Не верь глазам своим. 3

Виталий Рогатин
    В слезящихся глазах все еще плясали световые пятна, и Кортман видел кругом лишь неясные тени. Все остальные чувства убеждали, что случилось нечто из ряда вон выходящее: за короткое мгновение между вспышкой света и падением успели произойти вокруг непонятные изменения. Вместо пола подвала Том ощущал под собой ворох упругих прутьев. В носу свербело от густого травянистого запаха. Звуки, такие щемяще знакомые по раннему детству, проведенному в фермерской провинции, – легкий шелест да поскрипывание, словно бы что терлось друг о друга, раскачиваясь на ветру, – доносились сверху. После безмолвия подвала это казалось особенно странным.
    Журналист сморгнул пару раз, и зрение прояснилось. Резко вскинувшись на локтях, с оторопью огляделся. Подвала не было! А было: плотная, стеной обступившая со всех сторон растительность голубоватого оттенка. Пучками по нескольку стволов с узкими лезвиями листьев растения, отдаленно схожие со злаковыми, тянулись вверх, где смыкались в густой полог. Сквозь редкие прорехи высоко над головой светилось глубоко синее небо. Влажный духотный зной намекал на тропики или субтропики.
    Позабыв про боль в ноге, Кортман вскочил. Зашуршала под ботинками подстилка из серо-бурых стеблей отмерших растений. Голова кружилась от множества вопросов, на которые не было ответов. Но больше всего на свете ему хотелось знать одно: как? Каким образом он вдруг очутился здесь? На ум не приходило ни одного объяснения, с каким бы он немедленно согласился. Оглушили незаметно сзади? Вкололи наркотик? Усыпили газом? Возможно. Но чтобы проделать такое, требуется хоть немного времени. И уж тем более ушел бы не один час на то, чтобы успеть перевезти его в бессознательном состоянии куда подальше: в южные штаты или даже за пределы страны. Однако любую из классических версий похищения перечеркивала одна маленькая, но существенная деталь: он отчетливо помнил, что произошло все мгновенно. Перебирая в памяти случившееся, готов был поклясться, что ни на миг не терял сознание. Яркая вспышка, ненадолго ослепившая его, легко объяснялась резким переходом из полной темноты в свет дня. Да и споткнулся, вероятнее всего, уже здесь, зацепившись ногой за один из стеблей растущих вокруг гигантских растений. Или же его, Кортмана, заставили каким-то образом так думать, вырвав из памяти несколько часов или даже суток? Гипноз вкупе с нейролептиками или что другое. В конце концов, неспроста подвал имел такую странную отделку. Кто знает, чем там занимаются его хозяева. Может, испытывают на людях психотронное оружие. Предположение само по себе уже бредовое, но не менее невероятное, чем мысль о мгновенном перемещении в пространстве.

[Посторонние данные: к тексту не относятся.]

(* Let $1\le q<p$ and suppose a subspace $X\subseteq\mathbb{R}^n$ is $(2k,\varepsilon)$-$\ell_p$-spread. Then $X$ is $(k,\varepsilon_q)$-$\ell_q$-spread for $\varepsilon_q=\varepsilon^2\left(\frac{k}{n}\right)^{1/q}$. In particular, if $X$ is $(\Omega(n),\Omega(1))$-$\ell_p$-spread, then $X$ is also $(\Omega(n),\Omega(1))$-$\ell_q$-spread for every $1\le q<p$.
   Context: A vector $y\in\mathbb{R}^n$ is $k$-sparse if $|\mathrm{supp}(y)|\le k$. A nonzero $x\in\mathbb{R}^n$ is $(k,\varepsilon)$-$\ell_p$-compressible if some $k$-sparse $y$ has $\|x-y\|_p\le\varepsilon\|x\|_p$, and $(k,\varepsilon)$-$\ell_p$-spread otherwise. A subspace $X$ is $(k,\varepsilon)$-$\ell_p$-spread if every nonzero $x\in X$ is $(k,\varepsilon)$-$\ell_p$-spread. *)

theory Defs
  imports "HOL-Analysis.Analysis"
begin

text \<open>Vectors in R^n are modelled as real^'n with n = CARD('n).\<close>

definition lp_norm :: "real \<Rightarrow> real ^ 'n \<Rightarrow> real" where
  "lp_norm p x = (\<Sum>i\<in>UNIV. \<bar>x $ i\<bar> powr p) powr (1 / p)"

definition supp :: "real ^ 'n \<Rightarrow> 'n set" where
  "supp y = {i. y $ i \<noteq> 0}"

definition sparse :: "nat \<Rightarrow> real ^ 'n \<Rightarrow> bool" where
  "sparse k y \<longleftrightarrow> card (supp y) \<le> k"

definition compressible :: "real \<Rightarrow> nat \<Rightarrow> real \<Rightarrow> real ^ 'n \<Rightarrow> bool" where
  "compressible p k \<epsilon> x \<longleftrightarrow> x \<noteq> 0 \<and>
     (\<exists>y. sparse k y \<and> lp_norm p (x - y) \<le> \<epsilon> * lp_norm p x)"

definition spread_vec :: "real \<Rightarrow> nat \<Rightarrow> real \<Rightarrow> real ^ 'n \<Rightarrow> bool" where
  "spread_vec p k \<epsilon> x \<longleftrightarrow> x \<noteq> 0 \<and> \<not> compressible p k \<epsilon> x"

definition spread_subspace :: "real \<Rightarrow> nat \<Rightarrow> real \<Rightarrow> (real ^ 'n) set \<Rightarrow> bool" where
  "spread_subspace p k \<epsilon> X \<longleftrightarrow> (\<forall>x\<in>X. x \<noteq> 0 \<longrightarrow> spread_vec p k \<epsilon> x)"

end

theory Submission
  imports Defs
begin

(*
  Suppose x is within eps^2 (k/n)^(1/q) of a k-sparse y in l_q, and let S = ||x - y||_q^q.
  By Markov's inequality at most k entries of x - y have q-th power above S/k; adding
  them to the support of y gives a 2k-sparse z such that every entry of x - z has q-th
  power at most S/k, whence ||x - z||_p^p <= (S/k)^(p/q - 1) S = k (S/k)^(p/q).
  Since S/k <= eps^(2q) ||x||_q^q / n, the power mean inequality
  (||x||_q^q / n)^(p/q) <= ||x||_p^p / n bounds this by (k/n) eps^(2p) ||x||_p^p, which is
  at most eps^p ||x||_p^p because the l_p-spread hypothesis forces eps <= 1 and k <= n.
  The argument works vector by vector.
*)

lemma powr_le_powr_iff:
  fixes x y a :: real
  assumes "0 < a" "0 \<le> x" "0 \<le> y"
  shows "x powr a \<le> y powr a \<longleftrightarrow> x \<le> y"
  using assms by (meson not_le powr_less_mono2 powr_mono2 less_imp_le)

lemma powr_le_powr_diff_mult:
  fixes u \<theta> s :: real
  assumes "0 \<le> u" "u \<le> \<theta>" "1 \<le> s"
  shows "u powr s \<le> \<theta> powr (s - 1) * u"
proof -
  have "u powr s = u powr (s - 1) * u"
    using powr_mult_base[OF assms(1), of "s - 1"] by (simp add: mult.commute)
  also have "\<dots> \<le> \<theta> powr (s - 1) * u"
    using assms by (intro mult_right_mono powr_mono2) auto
  finally show ?thesis .
qed

lemma convex_on_powr_nonneg:
  fixes r :: real
  assumes "1 \<le> r"
  shows "convex_on {0..} (\<lambda>x. x powr r)"
proof (rule convex_on_linorderI)
  fix t x y :: real
  assume t: "0 < t" "t < 1" and xy: "x \<in> {0..}" "y \<in> {0..}" "x < y"
  show "((1 - t) *\<^sub>R x + t *\<^sub>R y) powr r \<le> (1 - t) * x powr r + t * y powr r"
  proof (cases "x = 0")
    case True
    have "(t * y) powr r = t powr r * y powr r"
      by (rule powr_mult)
    also have "\<dots> \<le> t * y powr r"
      using powr_le_one_le[of t r] t assms by (intro mult_right_mono) auto
    finally show ?thesis using True by simp
  next
    case False
    then show ?thesis
      using convex_onD[OF powr_convex[OF assms], of t x y] t xy by auto
  qed
qed (simp add: convex_real_interval)

lemma powr_mean_le_mean_powr:
  fixes u :: "'a \<Rightarrow> real"
  assumes "finite S" "S \<noteq> {}" "1 \<le> r" "\<And>i. i \<in> S \<Longrightarrow> 0 \<le> u i"
  shows "((\<Sum>i\<in>S. u i) / card S) powr r \<le> (\<Sum>i\<in>S. u i powr r) / card S"
proof -
  have "card S > 0"
    using assms by (simp add: card_gt_0_iff)
  then have "(\<Sum>i\<in>S. (1 / card S) *\<^sub>R u i) powr r \<le> (\<Sum>i\<in>S. (1 / card S) * u i powr r)"
    using assms by (intro convex_on_sum[OF _ _ convex_on_powr_nonneg]) auto
  then show ?thesis
    by (simp add: sum_distrib_left[symmetric] sum_divide_distrib[symmetric])
qed

lemma card_sum_less_mult_le:
  fixes f :: "'a \<Rightarrow> real"
  assumes "finite A" "\<And>i. i \<in> A \<Longrightarrow> 0 \<le> f i"
  shows "card {i\<in>A. sum f A < real k * f i} \<le> k"
proof (cases "{i\<in>A. sum f A < real k * f i} = {}")
  case False
  define B where "B = {i\<in>A. sum f A < real k * f i}"
  have "real (card B) * sum f A = (\<Sum>i\<in>B. sum f A)"
    by simp
  also have "\<dots> < (\<Sum>i\<in>B. real k * f i)"
    using False assms(1) by (intro sum_strict_mono) (auto simp: B_def)
  also have "\<dots> = real k * sum f B"
    by (simp add: sum_distrib_left)
  also have "\<dots> \<le> real k * sum f A"
    using assms by (intro mult_left_mono sum_mono2) (auto simp: B_def)
  finally have "real (card B) < real k"
    using assms by (simp add: mult_less_cancel_right sum_nonneg)
  then show ?thesis
    by (simp add: B_def)
qed (metis card.empty le0)

definition lp_sum :: "real \<Rightarrow> real ^ 'n \<Rightarrow> real" where
  "lp_sum p x = (\<Sum>i\<in>UNIV. \<bar>x $ i\<bar> powr p)"

lemma lp_norm_nonneg: "0 \<le> lp_norm p x"
  unfolding lp_norm_def by simp

lemma lp_sum_nonneg: "0 \<le> lp_sum p x"
  unfolding lp_sum_def by (simp add: sum_nonneg)

lemma lp_sum_eq_0_iff: "0 < p \<Longrightarrow> lp_sum p x = 0 \<longleftrightarrow> x = 0"
  unfolding lp_sum_def by (simp add: sum_nonneg_eq_0_iff vec_eq_iff)

lemma lp_norm_le_mult_iff:
  assumes "0 < p" "0 \<le> c"
  shows "lp_norm p x \<le> c * lp_norm p y \<longleftrightarrow> lp_sum p x \<le> c powr p * lp_sum p y"
proof -
  have "c * lp_norm p y = (c powr p * lp_sum p y) powr (1 / p)"
    using assms by (simp add: lp_norm_def lp_sum_def powr_mult powr_powr)
  then show ?thesis
    using assms by (simp add: lp_norm_def lp_sum_def[symmetric] powr_le_powr_iff lp_sum_nonneg)
qed

lemma lp_sum_mean_powr_le:
  assumes "1 \<le> q" "q \<le> p"
  shows "(lp_sum q x / CARD('n)) powr (p / q) \<le> lp_sum p (x :: real ^ 'n) / CARD('n)"
proof -
  have "(lp_sum q x / CARD('n)) powr (p / q) \<le> (\<Sum>i\<in>UNIV. (\<bar>x $ i\<bar> powr q) powr (p / q)) / CARD('n)"
    unfolding lp_sum_def using assms by (intro powr_mean_le_mean_powr) auto
  also have "(\<Sum>i\<in>UNIV. (\<bar>x $ i\<bar> powr q) powr (p / q)) = lp_sum p x"
    using assms by (simp add: lp_sum_def powr_powr)
  finally show ?thesis .
qed

lemma lp_sum_le_if_entries_small:
  fixes v w :: "real ^ 'n"
  assumes "0 < q" "q \<le> p"
    and small: "\<And>i. w $ i = 0 \<or> (w $ i = v $ i \<and> \<bar>v $ i\<bar> powr q \<le> \<theta>)"
  shows "lp_sum p w \<le> \<theta> powr (p / q - 1) * lp_sum q v"
proof -
  have "\<bar>w $ i\<bar> powr p \<le> \<theta> powr (p / q - 1) * \<bar>v $ i\<bar> powr q" for i
    using small[of i]
  proof
    assume "w $ i = v $ i \<and> \<bar>v $ i\<bar> powr q \<le> \<theta>"
    moreover have "\<bar>v $ i\<bar> powr p = (\<bar>v $ i\<bar> powr q) powr (p / q)"
      using assms by (simp add: powr_powr)
    ultimately show ?thesis
      using assms by (simp add: powr_le_powr_diff_mult)
  qed simp
  then show ?thesis
    unfolding lp_sum_def sum_distrib_left by (intro sum_mono)
qed

lemma sparse_approx_lp_from_lq:
  fixes x y :: "real ^ 'n"
  assumes "0 < q" "q \<le> p" "0 < k" "sparse k y"
  shows "\<exists>z. sparse (2 * k) z \<and>
    lp_sum p (x - z) \<le> real k * (lp_sum q (x - y) / real k) powr (p / q)"
proof -
  define S where "S = lp_sum q (x - y)"
  define B where "B = {i. i \<notin> supp y \<and> S < real k * \<bar>x $ i\<bar> powr q}"
  define z where "z = (\<chi> i. if i \<in> supp y \<union> B then x $ i else 0)"
  have "B \<subseteq> {i \<in> UNIV. S < real k * \<bar>(x - y) $ i\<bar> powr q}"
    by (auto simp: B_def supp_def)
  then have "card B \<le> k"
    unfolding S_def lp_sum_def
    by (rule order_trans[OF card_mono[OF finite] card_sum_less_mult_le]) auto
  moreover have "supp z \<subseteq> supp y \<union> B"
    by (auto simp: supp_def z_def)
  then have "card (supp z) \<le> card (supp y) + card B"
    by (meson card_Un_le card_mono finite order_trans)
  ultimately have z_sparse: "sparse (2 * k) z"
    using \<open>sparse k y\<close> by (simp add: sparse_def)
  have "lp_sum p (x - z) \<le> (S / k) powr (p / q - 1) * S"
    using assms
    by (intro lp_sum_le_if_entries_small[of q p "x - z" "x - y", folded S_def])
      (auto simp: z_def supp_def B_def field_simps)
  also have "\<dots> = real k * (S / k * (S / k) powr (p / q - 1))"
    using assms by simp
  also have "\<dots> = real k * (S / k) powr (p / q)"
    using powr_mult_base[of "S / k" "p / q - 1"] by (simp add: S_def lp_sum_nonneg)
  finally show ?thesis
    using z_sparse unfolding S_def by blast
qed

lemma compressible_lp_if_compressible_lq:
  fixes x :: "real ^ 'n"
  assumes q: "1 \<le> q" "q < p" and \<epsilon>: "0 \<le> \<epsilon>" "\<epsilon> \<le> 1" and k: "k \<le> CARD('n)"
    and "compressible q k (\<epsilon>\<^sup>2 * (real k / CARD('n)) powr (1 / q)) x"
  shows "compressible p (2 * k) \<epsilon> x"
proof -
  let ?n = "real CARD('n)"
  have "(\<epsilon>\<^sup>2 * (real k / ?n) powr (1 / q)) powr q = \<epsilon>\<^sup>2 powr q * (real k / ?n)"
    using q by (simp add: powr_mult powr_powr)
  then obtain y where "x \<noteq> 0" "sparse k y"
    and close: "lp_sum q (x - y) \<le> \<epsilon>\<^sup>2 powr q * (real k / ?n) * lp_sum q x"
    using assms(6) q unfolding compressible_def by (auto simp: lp_norm_le_mult_iff)
  have "0 < k"
  proof (rule ccontr)
    assume "\<not> 0 < k"
    then have "x = y" "supp y = {}"
      using close \<open>sparse k y\<close> q lp_sum_nonneg[of q "x - y"]
      by (auto simp: lp_sum_eq_0_iff sparse_def)
    then show False
      using \<open>x \<noteq> 0\<close> by (auto simp: supp_def vec_eq_iff)
  qed
  then obtain z where "sparse (2 * k) z"
    and tail: "lp_sum p (x - z) \<le> real k * (lp_sum q (x - y) / real k) powr (p / q)"
    using sparse_approx_lp_from_lq[of q p k y x] \<open>sparse k y\<close> q by auto
  have "lp_sum q (x - y) / real k \<le> \<epsilon>\<^sup>2 powr q * (lp_sum q x / ?n)"
    using close \<open>0 < k\<close> by (simp add: field_simps)
  then have "lp_sum p (x - z) \<le> real k * (\<epsilon>\<^sup>2 powr q * (lp_sum q x / ?n)) powr (p / q)"
    using q by (intro order_trans[OF tail] mult_left_mono powr_mono2) (auto simp: lp_sum_nonneg)
  also have "\<dots> = real k * (\<epsilon>\<^sup>2 powr p * (lp_sum q x / ?n) powr (p / q))"
    using q by (simp only: powr_mult powr_powr) simp
  also have "\<dots> \<le> real k * (\<epsilon>\<^sup>2 powr p * (lp_sum p x / ?n))"
    using q by (intro mult_left_mono lp_sum_mean_powr_le) auto
  also have "\<dots> = real k / ?n * \<epsilon>\<^sup>2 powr p * lp_sum p x"
    by simp
  also have "\<dots> \<le> 1 * \<epsilon> powr p * lp_sum p x"
    using k \<epsilon> q
    by (intro mult_right_mono mult_mono powr_mono2 lp_sum_nonneg)
      (auto simp: power2_eq_square mult_left_le)
  finally have "lp_norm p (x - z) \<le> \<epsilon> * lp_norm p x"
    using q \<epsilon> by (simp add: lp_norm_le_mult_iff)
  then show ?thesis
    unfolding compressible_def using \<open>x \<noteq> 0\<close> \<open>sparse (2 * k) z\<close> by blast
qed

lemma compressible_if_one_le:
  assumes "x \<noteq> 0" "1 \<le> \<epsilon>"
  shows "compressible p k \<epsilon> x"
proof -
  have "sparse k 0"
    by (simp add: sparse_def supp_def)
  moreover have "lp_norm p (x - 0) \<le> \<epsilon> * lp_norm p x"
    using assms(2) lp_norm_nonneg[of p x] by (simp add: mult_le_cancel_right1)
  ultimately show ?thesis
    unfolding compressible_def using assms(1) by blast
qed

lemma compressible_if_CARD_le:
  fixes x :: "real ^ 'n"
  assumes "x \<noteq> 0" "CARD('n) \<le> k" "0 \<le> \<epsilon>"
  shows "compressible p k \<epsilon> x"
proof -
  have "sparse k x"
    using card_mono[of UNIV "supp x"] assms(2) by (simp add: sparse_def)
  moreover have "lp_norm p (x - x) \<le> \<epsilon> * lp_norm p x"
    using assms(3) by (simp add: lp_norm_def lp_norm_nonneg)
  ultimately show ?thesis
    unfolding compressible_def using assms(1) by blast
qed

theorem proposition3p7:
  fixes X :: "(real ^ 'n) set" and p q \<epsilon> :: real and k :: nat
  assumes "subspace X"
    and "1 \<le> q" and "q < p"
    and "0 \<le> \<epsilon>"
    and "spread_subspace p (2 * k) \<epsilon> X"
  shows "spread_subspace q k (\<epsilon>\<^sup>2 * (real k / real CARD('n)) powr (1 / q)) X"
  unfolding spread_subspace_def spread_vec_def
proof (intro ballI impI conjI notI)
  fix x
  assume "x \<in> X" "x \<noteq> 0"
    and lq: "compressible q k (\<epsilon>\<^sup>2 * (real k / real CARD('n)) powr (1 / q)) x"
  have lp: "\<not> compressible p (2 * k) \<epsilon> x"
    using assms(5) \<open>x \<in> X\<close> \<open>x \<noteq> 0\<close> by (simp add: spread_subspace_def spread_vec_def)
  then have "\<epsilon> \<le> 1"
    using compressible_if_one_le[OF \<open>x \<noteq> 0\<close>] by (meson linorder_le_cases)
  have "\<not> CARD('n) \<le> 2 * k"
    using lp compressible_if_CARD_le[OF \<open>x \<noteq> 0\<close> _ assms(4)] by blast
  then have "k \<le> CARD('n)"
    by linarith
  with \<open>\<epsilon> \<le> 1\<close> show False
    using lp compressible_lp_if_compressible_lq[OF assms(2,3,4) _ _ lq] by blast
qed simp

end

    Но над тем ли сейчас ломать голову, какими способами его сюда забросили? Пустая трата времени. Времени, что у него на самом деле не так уж много, стоило припомнить, как давно последний раз ел, пил. Долго ему не протянуть, если не озаботиться как можно скорее решением этой проблемы. Но прежде надо думать о том, что делать дальше. Искать пути выхода из ситуации, в какой оказался, между прочим, по собственной вине.
    От напряженных дум бросило в жар. Кортман расстегнул воротник, чувствуя, как трудно дается каждый новый вдох. Только сейчас он заметил, какая по-настоящему тропическая жара царила вокруг. Под ее гнетом тело налилось тяжестью, клонило к земле. Воздух, влажный и густой, словно парной кисель, застревал в горле, а под одеждой все плавало в липком поту. Борясь со слабостью, Том скинул пиджак, стянул насквозь пропотевшую рубашку. Согнувшись пополам, уперся руками в ноги выше колен, часто-часто задышал, стараясь делать глубокие глотки воздуха. Через несколько минут ему полегчало. Звенящая глухота и мечущиеся в глазах черные точки – первейшие признаки близкого теплового удара – отступили.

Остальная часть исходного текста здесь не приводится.